Multi-node placement rules

x-slurm.nodes > 1 reserves a multi-node allocation.
Helper services remain single-node steps and are pinned to the allocation's primary node.
When a multi-node job has exactly one service, that service defaults to the distributed full-allocation step.
Services may use services.<name>.x-slurm.placement to select explicit allocation node indices.
Overlapping explicit placements are rejected unless one side sets allow_overlap: true or uses share_with.
Any service spanning more than one node may use readiness.type: sleep or readiness.type: log, or TCP/HTTP readiness only with an explicit non-local host or URL.

`x-slurm.metrics`

x-slurm:
  metrics:
    interval_seconds: 5
    collectors: [gpu, slurm]

Shape: mapping
Default: omitted
Notes:
- Omitting the block disables runtime metrics sampling.
- If the block is present and enabled is omitted, metrics sampling is enabled.
- interval_seconds defaults to 5 and must be at least 1.
- collectors defaults to [gpu, slurm].
- Supported collectors:
  - gpu samples device and process telemetry through nvidia-smi
  - slurm samples job-step CPU and memory data through sstat
- In multi-node v1, gpu sampling remains primary-node-only; slurm sampling still observes the full distributed step through sstat.
- Sampler files are written under ${SLURM_SUBMIT_DIR:-$PWD}/.hpc-compose/${SLURM_JOB_ID}/metrics on the host and are also visible inside containers at /hpc-compose/job/metrics.
- Collector failures are best-effort and do not fail the batch job.

`x-slurm.artifacts`

x-slurm:
  artifacts:
    collect: always
    export_dir: ./results/${SLURM_JOB_ID}
    paths:
      - /hpc-compose/job/metrics/**
    bundles:
      checkpoints:
        paths:
          - /hpc-compose/job/checkpoints/*.pt

Shape: mapping
Default: omitted
Notes:
- Omitting the block disables tracked artifact collection.
- collect defaults to always.
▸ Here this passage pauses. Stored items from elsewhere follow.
lemma card_colour_of_sum_1:
  "card {u \<in> {0..<2 * m + 1} - {v}. colour_of_sum m (v + u) = 1} \<le> m"
  unfolding colour_of_sum_eq_iff by (rule card_same_parity_le[where e = "odd v" and a = 0]) auto

lemma card_colour_of_sum_2:
  assumes "v \<le> 2 * m"
  shows "card {u \<in> {0..<2 * m + 1} - {v}. colour_of_sum m (v + u) = 2} + v mod 2 \<le> m"
proof -
  let ?S = "{u \<in> {0..<2 * m + 1} - {v}. colour_of_sum m (v + u) = 2}"
  have parity: "even x = even v" if "x \<in> insert v ?S" for x
    using that unfolding colour_of_sum_eq_iff by auto
  show ?thesis
  proof (cases "even v")
    case True
    have "insert v ?S \<subseteq> {0..<0 + 2 * (m + 1)}"
      using assms by auto
    from card_same_parity_le[OF parity this] True show ?thesis
      by simp
  next
    case False
    have "insert v ?S \<subseteq> {1..<1 + 2 * m}"
    proof
      fix x assume x: "x \<in> insert v ?S"
      with False have "odd x"
        using parity by blast
      with x assms show "x \<in> {1..<1 + 2 * m}"
        using odd_pos[of x] by auto
    qed
    from card_same_parity_le[OF parity this] False show ?thesis
      by (simp add: mod2_eq_if)
  qed
qed

lemma card_colour_of_sum_3:
  assumes "v \<le> 2 * m"
  shows "card {u \<in> {0..<2 * m + 1} - {v}. colour_of_sum m (v + u) = 3} \<le> m"
  unfolding colour_of_sum_eq_iff
proof (rule card_same_parity_le[where e = "odd v"])
  show "even x = odd v" if "x \<in> {u \<in> {0..<2 * m + 1} - {v}. odd (v + u) \<and> 2 * m \<le> v + u}" for x
    using that by auto
  show "{u \<in> {0..<2 * m + 1} - {v}. odd (v + u) \<and> 2 * m \<le> v + u} \<subseteq> {1..<1 + 2 * m}"
  proof
    fix x assume x: "x \<in> {u \<in> {0..<2 * m + 1} - {v}. odd (v + u) \<and> 2 * m \<le> v + u}"
    have "x \<noteq> 0"
    proof
      assume "x = 0"
      with x assms have "v + x = 2 * m"
        by simp
      then have "even (v + x)"
        by simp
      with x show False
        by simp
    qed
    with x show "x \<in> {1..<1 + 2 * m}"
      by simp
  qed
qed

lemma card_colour_of_sum_3_low:
  assumes "v \<le> 1" "1 \<le> m"
  shows "card {u \<in> {0..<2 * m + 1} - {v}. colour_of_sum m (v + u) = 3} \<le> 1"
  unfolding colour_of_sum_eq_iff
  by (rule card_same_parity_le[where e = "odd v" and a = "2 * m - 1"]) (use assms in auto)

lemma card_colour_of_sum_le:
  assumes "v \<le> 2 * m"
  shows "card {u \<in> {0..<2 * m + 1} - {v}. colour_of_sum m (v + u) = i} \<le> m"
proof -
  consider "i = 1" | "i = 2" | "i = 3" | "i \<notin> {1, 2, 3}"
    by auto
  then show ?thesis
  proof cases
    case 1
    then show ?thesis
      using card_colour_of_sum_1 by simp
  next
    case 2
    then show ?thesis
      using card_colour_of_sum_2[OF assms] by simp
  next
    case 3
    then show ?thesis
      using card_colour_of_sum_3[OF assms] by simp
  next
    case 4
    then have "{u \<in> {0..<2 * m + 1} - {v}. colour_of_sum m (v + u) = i} = {}"
      by (auto simp: colour_of_sum_def)
    then show ?thesis
      by (simp only: card.empty)
  qed
qed

definition odd_colouring :: "nat \<Rightarrow> nat set \<Rightarrow> nat" where
  "odd_colouring m e = colour_of_sum m (\<Sum>e)"

lemma odd_colouring_edge: "u \<noteq> v \<Longrightarrow> odd_colouring m {v, u} = colour_of_sum m (v + u)"
  by (simp add: odd_colouring_def)

lemma is_k_edge_coloring_odd_colouring: "is_k_edge_coloring E 3 (odd_colouring m)"
  unfolding is_k_edge_coloring_def odd_colouring_def colour_of_sum_def by auto

lemma sigma_odd_colouring:
  assumes "v < 2 * m + 1"
  shows "sigma (Kn_E (2 * m + 1)) (odd_colouring m) v = 3 * m + v"
proof -
  have "sigma (Kn_E (2 * m + 1)) (odd_colouring m) v
        = (\<Sum>u\<in>{0..<2 * m + 1} - {v}. colour_of_sum m (v + u))"
    using assms by (simp add: sigma_Kn odd_colouring_edge)
  then show ?thesis
    using assms sum_colour_of_sum_punctured[of v m] by simp
qed

lemma nsd_odd_colouring: "nsd (Kn_E (2 * m + 1)) (odd_colouring m)"
  unfolding nsd_Kn_iff
proof (rule inj_onI)
  fix x y
  assume "x \<in> {0..<2 * m + 1}" "y \<in> {0..<2 * m + 1}"
    and "sigma (Kn_E (2 * m + 1)) (odd_colouring m) x = sigma (Kn_E (2 * m + 1)) (odd_colouring m) y"
  then show "x = y"
    using sigma_odd_colouring[of x m] sigma_odd_colouring[of y m] by simp
qed

lemma majority_odd_colouring: "majority (Kn_V (2 * m + 1)) (Kn_E (2 * m + 1)) (odd_colouring m)"
  unfolding majority_Kn_iff
proof (intro allI impI)
  fix v i assume "v < 2 * m + 1"
  then have "{u \<in> {0..<2 * m + 1} - {v}. odd_colouring m {v, u} = i}
             = {u \<in> {0..<2 * m + 1} - {v}. colour_of_sum m (v + u) = i}"
    by (auto simp: odd_colouring_edge)
  then show "2 * card {u \<in> {0..<2 * m + 1} - {v}. odd_colouring m {v, u} = i} \<le> 2 * m + 1 - 1"
    using card_colour_of_sum_le[of v m i] \<open>v < 2 * m + 1\<close> by simp
qed

definition new_vertex_colour :: "nat \<Rightarrow> nat" where
  "new_vertex_colour v = (if v < 2 then 3 else if even v then 4 else 2)"

definition even_colouring :: "nat \<Rightarrow> nat set \<Rightarrow> nat" where
  "even_colouring m e =
     (if 2 * m + 1 \<in> e then new_vertex_colour (\<Sum>e - (2 * m + 1)) else odd_colouring m e)"

lemma even_colouring_old_edge:
  "u \<le> 2 * m \<Longrightarrow> v \<le> 2 * m \<Longrightarrow> u \<noteq> v \<Longrightarrow> even_colouring m {v, u} = colour_of_sum m (v + u)"
  by (simp add: even_colouring_def odd_colouring_edge)

(* The equation for w lets the simplifier apply these rules after it has rewritten
   2 * m + 1 to Suc (2 * m). *)
lemma even_colouring_new_edge:
  "v \<le> 2 * m \<Longrightarrow> w = 2 * m + 1 \<Longrightarrow> even_colouring m {v, w} = new_vertex_colour v"
  "v \<le> 2 * m \<Longrightarrow> w = 2 * m + 1 \<Longrightarrow> even_colouring m {w, v} = new_vertex_colour v"
  by (simp_all add: even_colouring_def)

lemma is_k_edge_coloring_even_colouring: "is_k_edge_coloring E 4 (even_colouring m)"
  unfolding is_k_edge_coloring_def even_colouring_def odd_colouring_def colour_of_sum_def
    new_vertex_colour_def
  by auto

lemma sum_new_vertex_colour: "0 < m \<Longrightarrow> (\<Sum>u<2 * m + 1. new_vertex_colour u) = 6 * m + 4"
proof (induction m rule: nat_induct_non_zero)
  case 1
  then show ?case
    by (simp add: new_vertex_colour_def numeral_eq_Suc)
next
  case (Suc m)
  then show ?case
    by (simp add: new_vertex_colour_def)
qed

lemma inj_add_new_vertex_colour: "inj (\<lambda>v. v + new_vertex_colour v)"
  by (rule injI) (auto simp: new_vertex_colour_def split: if_splits dest!: less_2_cases)

lemma card_new_vertex_colour:
  assumes "2 \<le> m"
  shows "card {u \<in> {0..<2 * m + 1}. new_vertex_colour u = i} \<le> m"
proof -
  consider "i = 3" | "i \<noteq> 3"
    by blast
  then show ?thesis
  proof cases
    case 1
    then have "{u \<in> {0..<2 * m + 1}. new_vertex_colour u = i} = {0, 1}"
      using assms by (auto simp: new_vertex_colour_def)
    then show ?thesis
      using assms by simp
  next
    case 2
    show ?thesis
      by (rule card_same_parity_le[where e = "i = 4" and a = 1])
        (use 2 in \<open>auto simp: new_vertex_colour_def split: if_splits\<close>)
  qed
qed

lemma sigma_even_colouring_old_vertex:
  assumes "v \<le> 2 * m"
  shows "sigma (Kn_E (2 * m + 2)) (even_colouring m) v = 3 * m + v + new_vertex_colour v"
proof -
  have "{0..<2 * m + 2} - {v} = insert (2 * m + 1) ({0..<2 * m + 1} - {v})"
    using assms by auto
  then have "sigma (Kn_E (2 * m + 2)) (even_colouring m) v
        = even_colouring m {v, 2 * m + 1} + (\<Sum>u\<in>{0..<2 * m + 1} - {v}. even_colouring m {v, u})"
    using assms by (simp add: sigma_Kn)
  also have "(\<Sum>u\<in>{0..<2 * m + 1} - {v}. even_colouring m {v, u})
        = (\<Sum>u\<in>{0..<2 * m + 1} - {v}. colour_of_sum m (v + u))"
    using assms by (intro sum.cong) (auto simp: even_colouring_old_edge)
  finally show ?thesis
    using sum_colour_of_sum_punctured[OF assms] even_colouring_new_edge(1)[OF assms refl] by simp
qed

lemma sigma_even_colouring_new_vertex:
  assumes "0 < m"
  shows "sigma (Kn_E (2 * m + 2)) (even_colouring m) (2 * m + 1) = 6 * m + 4"
proof -
  have "{0..<2 * m + 2} - {2 * m + 1} = {..<2 * m + 1}"
    by auto
  then have "sigma (Kn_E (2 * m + 2)) (even_colouring m) (2 * m + 1)
        = (\<Sum>u<2 * m + 1. even_colouring m {2 * m + 1, u})"
    by (simp add: sigma_Kn)
  also have "\<dots> = (\<Sum>u<2 * m + 1. new_vertex_colour u)"
    by (intro sum.cong) (simp_all add: even_colouring_new_edge)
  finally show ?thesis
    using sum_new_vertex_colour[OF assms] by simp
qed

lemma nsd_even_colouring:
  assumes "0 < m"
  shows "nsd (Kn_E (2 * m + 2)) (even_colouring m)"
  unfolding nsd_Kn_iff
proof (rule inj_onI)
  let ?\<sigma> = "sigma (Kn_E (2 * m + 2)) (even_colouring m)"
  have old_below_new: "?\<sigma> v < ?\<sigma> (2 * m + 1)" if "v \<le> 2 * m" for v
    using that assms sigma_even_colouring_old_vertex[OF that] sigma_even_colouring_new_vertex[OF assms]
    by (simp add: new_vertex_colour_def)
  fix x y
  assume "x \<in> {0..<2 * m + 2}" "y \<in> {0..<2 * m + 2}" and same: "?\<sigma> x = ?\<sigma> y"
  then consider "x \<le> 2 * m" "y \<le> 2 * m" | "x \<le> 2 * m" "y = 2 * m + 1" | "x = 2 * m + 1" "y \<le> 2 * m"
    | "x = 2 * m + 1" "y = 2 * m + 1"
    by fastforce
  then show "x = y"
  proof cases
    case 1
    then have "x + new_vertex_colour x = y + new_vertex_colour y"
      using same sigma_even_colouring_old_vertex[of x m] sigma_even_colouring_old_vertex[of y m] by simp
    then show ?thesis
      using injD[OF inj_add_new_vertex_colour, of x y] by simp
  next
    case 2
    then show ?thesis
      using same old_below_new[of x] by simp
  next
    case 3
    then show ?thesis
      using same old_below_new[of y] by simp
  qed simp
qed

lemma card_even_colouring_class_old_vertex:
  assumes "2 \<le> m" "v \<le> 2 * m"
  shows "card {u \<in> {0..<2 * m + 2} - {v}. even_colouring m {v, u} = i} \<le> m"
proof -
  let ?S = "{u \<in> {0..<2 * m + 1} - {v}. colour_of_sum m (v + u) = i}"
  have split: "{0..<2 * m + 2} - {v} = insert (2 * m + 1) ({0..<2 * m + 1} - {v})"
    using assms by auto
  have old: "{u \<in> {0..<2 * m + 1} - {v}. even_colouring m {v, u} = i} = ?S"
    using assms by (intro Collect_cong) (auto simp: even_colouring_old_edge)
  have "{u \<in> {0..<2 * m + 2} - {v}. even_colouring m {v, u} = i}
      = (if even_colouring m {v, 2 * m + 1} = i
         then insert (2 * m + 1) {u \<in> {0..<2 * m + 1} - {v}. even_colouring m {v, u} = i}
         else {u \<in> {0..<2 * m + 1} - {v}. even_colouring m {v, u} = i})"
    unfolding split by auto
  then have colour_class: "{u \<in> {0..<2 * m + 2} - {v}. even_colouring m {v, u} = i}
      = (if new_vertex_colour v = i then insert (2 * m + 1) ?S else ?S)"
    unfolding old even_colouring_new_edge(1)[OF assms(2) refl] .
  show ?thesis
  proof (cases "new_vertex_colour v = i")
    case False
    then show ?thesis
      using colour_class card_colour_of_sum_le[OF assms(2)] by simp
  next
    case True
    then consider "v \<le> 1" "i = 3" | "even v" "i = 4" | "odd v" "i = 2"
      by (cases "v < 2"; cases "even v") (auto simp: new_vertex_colour_def)
    then have "card ?S + 1 \<le> m"
    proof cases
      case 1
      then show ?thesis
        using card_colour_of_sum_3_low[of v m] assms by simp
    next
      case 2
      then have "?S = {}"
        by (auto simp: colour_of_sum_def)
      then show ?thesis
        using assms by (simp only: card.empty)
    next
      case 3
      then show ?thesis
        using card_colour_of_sum_2[OF assms(2)] by (simp add: mod2_eq_if)
    qed
    then show ?thesis
      using colour_class True by simp
  qed
qed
Supported values are always, on_success, and on_failure.
- export_dir is required and is resolved relative to the compose file directory when hpc-compose artifacts runs.
- ${SLURM_JOB_ID} is preserved in export_dir until hpc-compose artifacts expands it from tracked metadata.
- paths remains supported as the implicit default bundle.
- bundles is optional. Bundle names must match [A-Za-z0-9_-]+, and default is reserved for top-level paths.
- At least one source path must be present in paths or bundles.
- Every source path must be an absolute container-visible path rooted at /hpc-compose/job.
- Paths under /hpc-compose/job/artifacts are rejected.
- Collection happens during batch teardown and is best-effort.
- Collected payloads and manifest.json are written under ${SLURM_SUBMIT_DIR:-$PWD}/.hpc-compose/${SLURM_JOB_ID}/artifacts/.
- hpc-compose artifacts --bundle <name> exports only the selected bundle or bundles.
- hpc-compose artifacts --tarball also writes one <bundle>.tar.gz archive per exported bundle.
- Export writes per-bundle provenance metadata under <export_dir>/_hpc-compose/bundles/<bundle>.json.

`x-slurm.resume`

x-slurm:
  resume:
    path: /shared/$USER/runs/my-run

Shape: mapping
Default: omitted
Notes:
- Omitting the block disables resume semantics.
- path is required and must be an absolute host path.
- /hpc-compose/... paths are rejected because path must point at shared host storage, not a container-visible path.
- /tmp and /var/tmp technically validate, but preflight warns because those paths are not reliable resume storage.
- When enabled, hpc-compose mounts path into every service at /hpc-compose/resume.
- Services also receive HPC_COMPOSE_RESUME_DIR, HPC_COMPOSE_ATTEMPT, and HPC_COMPOSE_IS_RESUME.
- The canonical resume source is the shared path, not exported artifact bundles.
- Attempt-specific runtime state moves under ${SLURM_SUBMIT_DIR:-$PWD}/.hpc-compose/${SLURM_JOB_ID}/attempts/<attempt>/, and the top-level logs, metrics, artifacts, and state.json paths continue to point at the latest attempt for compatibility.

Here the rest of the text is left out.